On April 26, 1986, in the Kiev region, Ukraine, 12 kilometers from the Belarusian border, a catastrophe occurred -- the major breakdown of a power unit at the Chernobyl nuclear power station. By its scale, complexity, and long-term consequences, it is the most severe catastrophe in the entire world history of atomic energy use. As the result of the explosion of the failed reactor, a huge amount of radioactive substances were emitted into the atmosphere. The accident has left its radioactive fall-out trace on 23% of the territory of Belarus, 3778 settlements with more than 2 million people had resided therein; on 4.8% of the territory of Ukraine; and 0.5% of the territory of Russia. The density of contamination with caesium-137 radionuclides constitutes more than 1 Ci/sq.km.
The radioactive trace, left on the ground surface, corresponded to the direction of movement of the radiation clouds. The first days after the accident the radioactive clouds moved North-West, North, and North-East from the Chernobyl nuclear power station near Belarus. By April, 30th, the direction changed to North and East.
30 hours after the explosion
After the Chernobyl accident Belarus became a zone of ecological disaster. The situation got worse since the newly emerged areas of radioactive contamination coincided with the formerly existing areas of high chemical pollution. Radionuclides spread from the areas to all regions of the Republic. But the trace of radiation has an extremely uneven, spotted nature. A lot of small areas have both clean and contaminated strips. The area of agricultural lands contaminated with radioactive caesium-137 with a density of more than 1 Ci/sq.km. constitutes 1600 thousand hectares in the Republic, from which more than 200 thousand hectares cannot be used for agricultural purposes. 1685 thousand hectares of forest in Belarus are contaminated with radioactive elements. The catastrophe has affected the destinies of millions of Belarusians. The radioactive contamination of the ecosystem will stifle normal agricultural production and forestry for many decades.

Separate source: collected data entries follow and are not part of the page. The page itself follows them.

definition spectral_eq :: "real \<Rightarrow> real \<Rightarrow> real \<Rightarrow> real \<Rightarrow> complex \<Rightarrow> bool" where
  "spectral_eq \<kappa> \<tau> \<Omega> W lam \<longleftrightarrow>
     1 - exp (- (of_real \<kappa> * of_real \<tau> * lam + of_real \<kappa> - 1)
                 / of_real (\<kappa> * \<tau> * \<bar>\<Omega>\<bar>) * of_real (2 * W))
     = (of_real \<kappa> * of_real \<tau> * lam + of_real \<kappa>)
       * (of_real \<kappa> * of_real \<tau> * lam + of_real \<kappa> - 1)
       * (of_real \<kappa> * of_real \<tau> * lam + of_real \<kappa> - 1 + of_real (2 * W))
       / of_real (\<kappa> * \<tau> * \<bar>\<Omega>\<bar>)"

definition eps_scale :: "real \<Rightarrow> real \<Rightarrow> real \<Rightarrow> real" where
  "eps_scale \<tau> \<Omega> W = \<tau> * \<bar>\<Omega>\<bar> / (2 * W)"

definition rescaled_rhs :: "real \<Rightarrow> real \<Rightarrow> real \<Rightarrow> real \<Rightarrow> real \<Rightarrow> complex \<Rightarrow> complex" where
  "rescaled_rhs \<kappa> \<delta> \<tau> \<Omega> W \<mu> =
     (let \<epsilon> = of_real (eps_scale \<tau> \<Omega> W); k = of_real \<kappa> in
      - (k / of_real \<delta>)
      * of_real (2 * (1 - \<kappa>)^2 + (1 - \<kappa>) * \<delta> * (2 * W) + \<tau> * \<bar>\<Omega>\<bar> * \<delta>)
      / ((k * \<epsilon> * \<mu> + k) * (k * \<epsilon> * \<mu> + k - 1) * (k * \<epsilon> * \<mu> + k - 1 + of_real (2 * W))
         - of_real (\<kappa> * \<tau> * \<bar>\<Omega>\<bar>)))"

end

theory Submission
  imports Defs "HOL-Real_Asymp.Real_Asymp"
begin

(* The interface condition says that E = exp ((1 - kappa) 2W / (kappa tau |Omega|)) equals
   1 + 2 (1 - kappa)^2 / (tau |Omega| delta) + (1 - kappa) 2W / (tau |Omega|).  Substituting this
   for E turns the spectral equation, 1 - E / exp mu = P / (kappa tau |Omega|) with P the cubic in
   kappa tau lambda, into the rescaled equation after solving for exp mu.

   For the limit put x = (1 - kappa) 2W / (kappa tau |Omega|) and
   c = 2 (1 - kappa)^2 / (tau |Omega| delta), so that the interface condition reads
   c + kappa x = exp x - 1.  Hence x^2 <= 2c, i.e. W = O(sqrt tau), and ln c <= x, i.e.
   epsilon = (1 - kappa) / (kappa x) = O(1 / ln (1 / tau)).  As tau, W and epsilon tend to 0,
   the right-hand side tends to -(kappa / delta) 2 (1 - kappa)^2 / (kappa (kappa - 1)^2) = -2 / delta. *)

lemma one_minus_divide_eq_divide_iff:
  fixes z e a p :: "'a::field"
  assumes "z \<noteq> 0" "e \<noteq> 0" "a \<noteq> 0"
  shows "1 - e / z = p / a \<longleftrightarrow> z = a * e / (a - p)"
proof (cases "a = p")
  case True
  then show ?thesis using assms by simp
next
  case False
  then have "a - p \<noteq> 0" by simp
  with assms show ?thesis by (auto simp: field_simps)
qed

lemma exp_eq_affine_bounds:
  fixes c k x :: real
  assumes "c + k * x = exp x - 1" "0 \<le> k" "k \<le> 1" "0 \<le> x"
  shows "x^2 \<le> 2 * c" and "c \<le> exp x"
proof -
  have "1 + x + x^2 / 2 \<le> exp x"
    using assms(4) by (intro exp_lower_Taylor_quadratic)
  moreover have "k * x \<le> x" using assms(2-4) by (simp add: mult_left_le_one_le)
  ultimately show "x^2 \<le> 2 * c" using assms(1) by linarith
  show "c \<le> exp x" using assms(1,2,4) by (smt (verit) mult_nonneg_nonneg)
qed

lemma interface_cond_iff_exp:
  assumes "0 < \<delta>" "0 < \<tau>" "\<Omega> \<noteq> 0"
  shows "interface_cond \<kappa> \<delta> \<tau> \<Omega> W \<longleftrightarrow>
    2 * (1 - \<kappa>)^2 + (1 - \<kappa>) * \<delta> * (2 * W) + \<tau> * \<bar>\<Omega>\<bar> * \<delta>
      = \<delta> * (\<tau> * \<bar>\<Omega>\<bar>) * exp ((1 - \<kappa>) / (\<kappa> * \<tau> * \<bar>\<Omega>\<bar>) * (2 * W))"
  using assms unfolding interface_cond_def by (auto simp: field_simps)

lemma interface_cond_iff_normalized:
  fixes \<kappa> \<delta> \<tau> \<Omega> W :: real
  assumes "0 < \<kappa>" "0 < \<tau>" "\<Omega> \<noteq> 0"
  defines "x \<equiv> (1 - \<kappa>) / (\<kappa> * \<tau> * \<bar>\<Omega>\<bar>) * (2 * W)"
    and "c \<equiv> 2 * (1 - \<kappa>)^2 / (\<tau> * \<bar>\<Omega>\<bar> * \<delta>)"
  shows "interface_cond \<kappa> \<delta> \<tau> \<Omega> W \<longleftrightarrow> c + \<kappa> * x = exp x - 1"
proof -
  have "(1 - \<kappa>) / (\<tau> * \<bar>\<Omega>\<bar>) * (2 * W) = \<kappa> * x"
    using assms(1) by (simp add: x_def)
  then show ?thesis by (simp add: interface_cond_def c_def x_def mult.assoc)
qed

The most affected regions in Belarus are those of Homiel' and Magilyow. Outside the boundaries of the evacuation zone, the high density of contamination with caesium-137 was observed in a number of places. Spots of strontium with levels of radiation ranging from 2 to 3.2 Ci/sq.km. were found in Hoiniki, Vetka, Brahin, and Dobrush districts; few spots of plutonium-238, -239, and -240 with the level of more than 0.1 Ci/sq.km are in Narovlya district. All other regions of Belarus are contaminated to a lesser extent with caesium.
120 hours after the explosion
Investigation showed that from the end of 1986, after the termination of blow-out from the reactor's active zone, a marked space of migration of the long-existent radionuclides was not observed. Migration of strontium-137 and strontium-90 in the soil varies. At present the main share of caesium is in the soil layer from 0 to 5 cm. The behavior of strontium-90 and caesium-137 in the system of "soil-plant" has a number of peculiarities in Belarus: usually the induction of strontium in plants is about 10 times higher than that of caesium. But in the light sand and in the peat soils, the migration of caesium is very intensive and can be regarded as comparable to the accumulation of strontium in them.
A lot of work has been done in Belarus in the post-accident period in order to decrease the influence of radiation on people. Measures were taken to evacuate people from the most dangerous districts and provide them with medical treatment. However, the measures are far from being adequate because the extent of the disaster is too great for Belarus to cope with it on its own.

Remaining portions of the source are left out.